Try it: Lines containing the word "fixes" are to be copied from the data below.

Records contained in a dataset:
(* Let $N\ge 1$ be the number of users, indexed $1,\dots,N$. For each user $i$ let $\mathbf{x}_i$ be an observed feature vector and let $\phi(\mathbf{x}_i,\ell)\in\mathbb{R}$ be given for $\ell\in\{0,1\}$. For each pair $i<j$ let $\mathbf{z}_{i,j}$ be an observed relationship vector (write $\mathbf{z}_{j,i}=\mathbf{z}_{i,j}$) and let $\psi(\mathbf{z}_{i,j},a,b)\in\mathbb{R}$ be given for $a,b\in\{0,1\}$, where $a$ refers to user $i$ and $b$ to user $j$. Assume: (i) if there is no observed relationship between users $i$ and $j$, then $\psi(\mathbf{z}_{i,j},a,b)=0$ for all $a,b\in\{0,1\}$; (ii) for every pair $i<j$, $\psi(\mathbf{z}_{i,j},1,1)=0\le \psi(\mathbf{z}_{i,j},0,0)\le \psi(\mathbf{z}_{i,j},0,1)$ and $\psi(\mathbf{z}_{i,j},0,0)\le \psi(\mathbf{z}_{i,j},1,0)$. Consider the optimization problem $$\min_{\mathbf{L}\in\{0,1\}^N}\ E(\mathbf{L}),\qquad E(\mathbf{L})=\sum_{i=1}^N\phi(\mathbf{x}_i,\ell_i)+\sum_{i<j}\psi(\mathbf{z}_{i,j},\ell_i,\ell_j).$$ Define the Energy Graph as the directed graph with node set $\{s,t,u_1,\dots,u_N\}$ and edges with capacities: - for each $i$, an edge $(u_i,t)$ with capacity $\phi(\mathbf{x}_i,1)$; - for each $i$, an edge $(s,u_i)$ with capacity $\phi(\mathbf{x}_i,0)+\tfrac12\sum_{j\ne i}\psi(\mathbf{z}_{i,j},0,0)$; - for each pair $i<j$ with an observed relationship, edges $(u_i,u_j)$ with capacity $\psi(\mathbf{z}_{i,j},1,0)-\tfrac12\psi(\mathbf{z}_{i,j},0,0)$ and $(u_j,u_i)$ with capacity $\psi(\mathbf{z}_{i,j},0,1)-\tfrac12\psi(\mathbf{z}_{i,j},0,0)$. Then the optimal solutions of the optimization problem correspond exactly to minimum capacity $s$-$t$ cuts of the Energy Graph: if $(S,T)$ is a minimum capacity $s$-$t$ cut and $\mathbf{L}^\star$ is defined by $\ell^\star_i=1$ if $u_i\in S$ and $\ell^\star_i=0$ if $u_i\in T$, then $\mathbf{L}^\star$ minimizes $E$, and the minimum value of $E$ equals the minimum cut capacity.
   Context: This models classification of social media users as in a target location ($\ell_i=1$) or not ($\ell_i=0$); $\phi$ is the "profile energy" and $\psi$ the "link energy". An $s$-$t$ cut is a partition of the node set into $S\ni s$ and $T\ni t$; its capacity is the sum of capacities of all edges directed from a node of $S$ to a node of $T$. *)

theory Defs
  imports Complex_Main
begin

datatype node = Src | Snk | U nat

text \<open>Symmetric access to relationship vectors: z_{j,i} = z_{i,j}; only z i j with i<j is used.\<close>
definition zsym :: "(nat \<Rightarrow> nat \<Rightarrow> 'z) \<Rightarrow> nat \<Rightarrow> nat \<Rightarrow> 'z" where
  "zsym z i j = (if i < j then z i j else z j i)"

definition pairs :: "nat \<Rightarrow> (nat \<times> nat) set" where
  "pairs N = {(i, j). 1 \<le> i \<and> i < j \<and> j \<le> N}"

definition labelings :: "nat \<Rightarrow> (nat \<Rightarrow> nat) set" where
  "labelings N = {L. \<forall>i\<in>{1..N}. L i \<in> {0, 1}}"

definition energy ::
  "nat \<Rightarrow> (nat \<Rightarrow> 'x) \<Rightarrow> ('x \<Rightarrow> nat \<Rightarrow> real) \<Rightarrow> (nat \<Rightarrow> nat \<Rightarrow> 'z)
   \<Rightarrow> ('z \<Rightarrow> nat \<Rightarrow> nat \<Rightarrow> real) \<Rightarrow> (nat \<Rightarrow> nat) \<Rightarrow> real" where
  "energy N x \<phi> z \<psi> L =
     (\<Sum>i=1..N. \<phi> (x i) (L i)) + (\<Sum>(i, j)\<in>pairs N. \<psi> (z i j) (L i) (L j))"

definition eg_nodes :: "nat \<Rightarrow> node set" where
  "eg_nodes N = {Src, Snk} \<union> U ` {1..N}"

text \<open>Edge set of the Energy Graph; rel i j (for i<j) means an observed relationship.\<close>
definition eg_edges :: "nat \<Rightarrow> (nat \<Rightarrow> nat \<Rightarrow> bool) \<Rightarrow> (node \<times> node) set" where
  "eg_edges N rel =
     {(U i, Snk) | i. i \<in> {1..N}} \<union> {(Src, U i) | i. i \<in> {1..N}} \<union>
     {(U i, U j) | i j. (i, j) \<in> pairs N \<and> rel i j} \<union>
     {(U j, U i) | i j. (i, j) \<in> pairs N \<and> rel i j}"

fun eg_cap ::
  "nat \<Rightarrow> (nat \<Rightarrow> 'x) \<Rightarrow> ('x \<Rightarrow> nat \<Rightarrow> real) \<Rightarrow> (nat \<Rightarrow> nat \<Rightarrow> 'z)
   \<Rightarrow> ('z \<Rightarrow> nat \<Rightarrow> nat \<Rightarrow> real) \<Rightarrow> node \<Rightarrow> node \<Rightarrow> real" where
  "eg_cap N x \<phi> z \<psi> (U i) Snk = \<phi> (x i) 1"
| "eg_cap N x \<phi> z \<psi> Src (U i) =
     \<phi> (x i) 0 + 1/2 * (\<Sum>j\<in>{1..N} - {i}. \<psi> (zsym z i j) 0 0)"
| "eg_cap N x \<phi> z \<psi> (U a) (U b) =
     (if a < b then \<psi> (z a b) 1 0 - 1/2 * \<psi> (z a b) 0 0
      else \<psi> (z b a) 0 1 - 1/2 * \<psi> (z b a) 0 0)"
| "eg_cap N x \<phi> z \<psi> _ _ = 0"

definition is_st_cut :: "nat \<Rightarrow> node set \<Rightarrow> bool" where
  "is_st_cut N S \<longleftrightarrow> S \<subseteq> eg_nodes N \<and> Src \<in> S \<and> Snk \<notin> S"

definition cut_capacity ::
  "nat \<Rightarrow> (nat \<Rightarrow> 'x) \<Rightarrow> ('x \<Rightarrow> nat \<Rightarrow> real) \<Rightarrow> (nat \<Rightarrow> nat \<Rightarrow> 'z)
   \<Rightarrow> ('z \<Rightarrow> nat \<Rightarrow> nat \<Rightarrow> real) \<Rightarrow> (nat \<Rightarrow> nat \<Rightarrow> bool) \<Rightarrow> node set \<Rightarrow> real" where
  "cut_capacity N x \<phi> z \<psi> rel S =
     (\<Sum>(a, b)\<in>{(a, b)\<in>eg_edges N rel. a \<in> S \<and> b \<in> eg_nodes N - S}. eg_cap N x \<phi> z \<psi> a b)"

definition is_min_cut ::
  "nat \<Rightarrow> (nat \<Rightarrow> 'x) \<Rightarrow> ('x \<Rightarrow> nat \<Rightarrow> real) \<Rightarrow> (nat \<Rightarrow> nat \<Rightarrow> 'z)
   \<Rightarrow> ('z \<Rightarrow> nat \<Rightarrow> nat \<Rightarrow> real) \<Rightarrow> (nat \<Rightarrow> nat \<Rightarrow> bool) \<Rightarrow> node set \<Rightarrow> bool" where
  "is_min_cut N x \<phi> z \<psi> rel S \<longleftrightarrow> is_st_cut N S \<and>
     (\<forall>S'. is_st_cut N S' \<longrightarrow> cut_capacity N x \<phi> z \<psi> rel S \<le> cut_capacity N x \<phi> z \<psi> rel S')"

end

theory Submission
  imports Defs
begin

text \<open>
  With \<open>\<ell>\<^sub>i = [u\<^sub>i \<in> S]\<close>, a cut pays \<open>\<phi>(x\<^sub>i,1)\<close> or the source capacity of \<open>u\<^sub>i\<close>
  for every user, and one of the two capacities between \<open>u\<^sub>i\<close> and \<open>u\<^sub>j\<close> for every
  related pair separated by the cut. Because \<open>\<psi>(z,1,1) = 0\<close>, each pairwise term
  \<open>\<psi>(z\<^sub>i\<^sub>j,\<ell>\<^sub>i,\<ell>\<^sub>j)\<close> splits into half of \<open>\<psi>(z\<^sub>i\<^sub>j,0,0)\<close> for each endpoint labelled 0,
  which the source edges collect, plus exactly the capacity of the edge cut between
  \<open>u\<^sub>i\<close> and \<open>u\<^sub>j\<close>. Hence the capacity of every s-t cut equals the energy of its labelling.
  Since every labelling arises from a cut, a minimum cut yields a minimum-energy labelling.
\<close>

lemma finite_pairs: "finite (pairs N)"
  by (rule finite_subset[of _ "{1..N} \<times> {1..N}"]) (auto simp: pairs_def)

lemma sum_off_diagonal_eq_sum_pairs:
  fixes f :: "nat \<Rightarrow> nat \<Rightarrow> 'a::comm_monoid_add"
  shows "(\<Sum>i=1..N. \<Sum>j\<in>{1..N} - {i}. f i j) = (\<Sum>(i, j)\<in>pairs N. f i j + f j i)"
proof -
  have off_diagonal: "Sigma {1..N} (\<lambda>i. {1..N} - {i}) = pairs N \<union> prod.swap ` pairs N"
    by (auto simp: pairs_def image_iff)
  have "(\<Sum>i=1..N. \<Sum>j\<in>{1..N} - {i}. f i j) = (\<Sum>(i, j)\<in>Sigma {1..N} (\<lambda>i. {1..N} - {i}). f i j)"
    by (simp add: sum.Sigma)
  also have "\<dots> = (\<Sum>(i, j)\<in>pairs N. f i j) + (\<Sum>(i, j)\<in>prod.swap ` pairs N. f i j)"
    unfolding off_diagonal
    by (rule sum.union_disjoint) (auto simp: finite_pairs, auto simp: pairs_def)
  also have "(\<Sum>(i, j)\<in>prod.swap ` pairs N. f i j) = (\<Sum>(i, j)\<in>pairs N. f j i)"
    by (subst sum.reindex) (auto simp: case_prod_beta)
  finally show ?thesis
    by (simp add: sum.distrib case_prod_beta)
qed

lemma binary_term_split:
  fixes t :: "nat \<Rightarrow> nat \<Rightarrow> real"
  assumes "t 1 1 = 0" and "a \<in> {0, 1}" and "b \<in> {0, 1}"
  shows "t a b = (if a = 0 then t 0 0 / 2 else 0) + (if b = 0 then t 0 0 / 2 else 0)
           + ((if a = 1 \<and> b = 0 then t 1 0 - t 0 0 / 2 else 0)
              + (if a = 0 \<and> b = 1 then t 0 1 - t 0 0 / 2 else 0))"
  using assms by auto

definition crossing_capacity :: "node set \<Rightarrow> (node \<Rightarrow> node \<Rightarrow> real) \<Rightarrow> nat \<Rightarrow> nat \<Rightarrow> real" where
  "crossing_capacity S c i j =
     (if U i \<in> S \<and> U j \<notin> S then c (U i) (U j) else 0)
   + (if U j \<in> S \<and> U i \<notin> S then c (U j) (U i) else 0)"

lemma eg_edges_eq:
  "eg_edges N rel = (\<lambda>i. (U i, Snk)) ` {1..N} \<union> (\<lambda>i. (Src, U i)) ` {1..N}
     \<union> (\<lambda>(i, j). (U i, U j)) ` {p \<in> pairs N. case_prod rel p}
     \<union> (\<lambda>(i, j). (U j, U i)) ` {p \<in> pairs N. case_prod rel p}"
  unfolding eg_edges_def by force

Exercise solution:
  fixes f :: "nat \<Rightarrow> nat \<Rightarrow> 'a::comm_monoid_add"
  fixes t :: "nat \<Rightarrow> nat \<Rightarrow> real"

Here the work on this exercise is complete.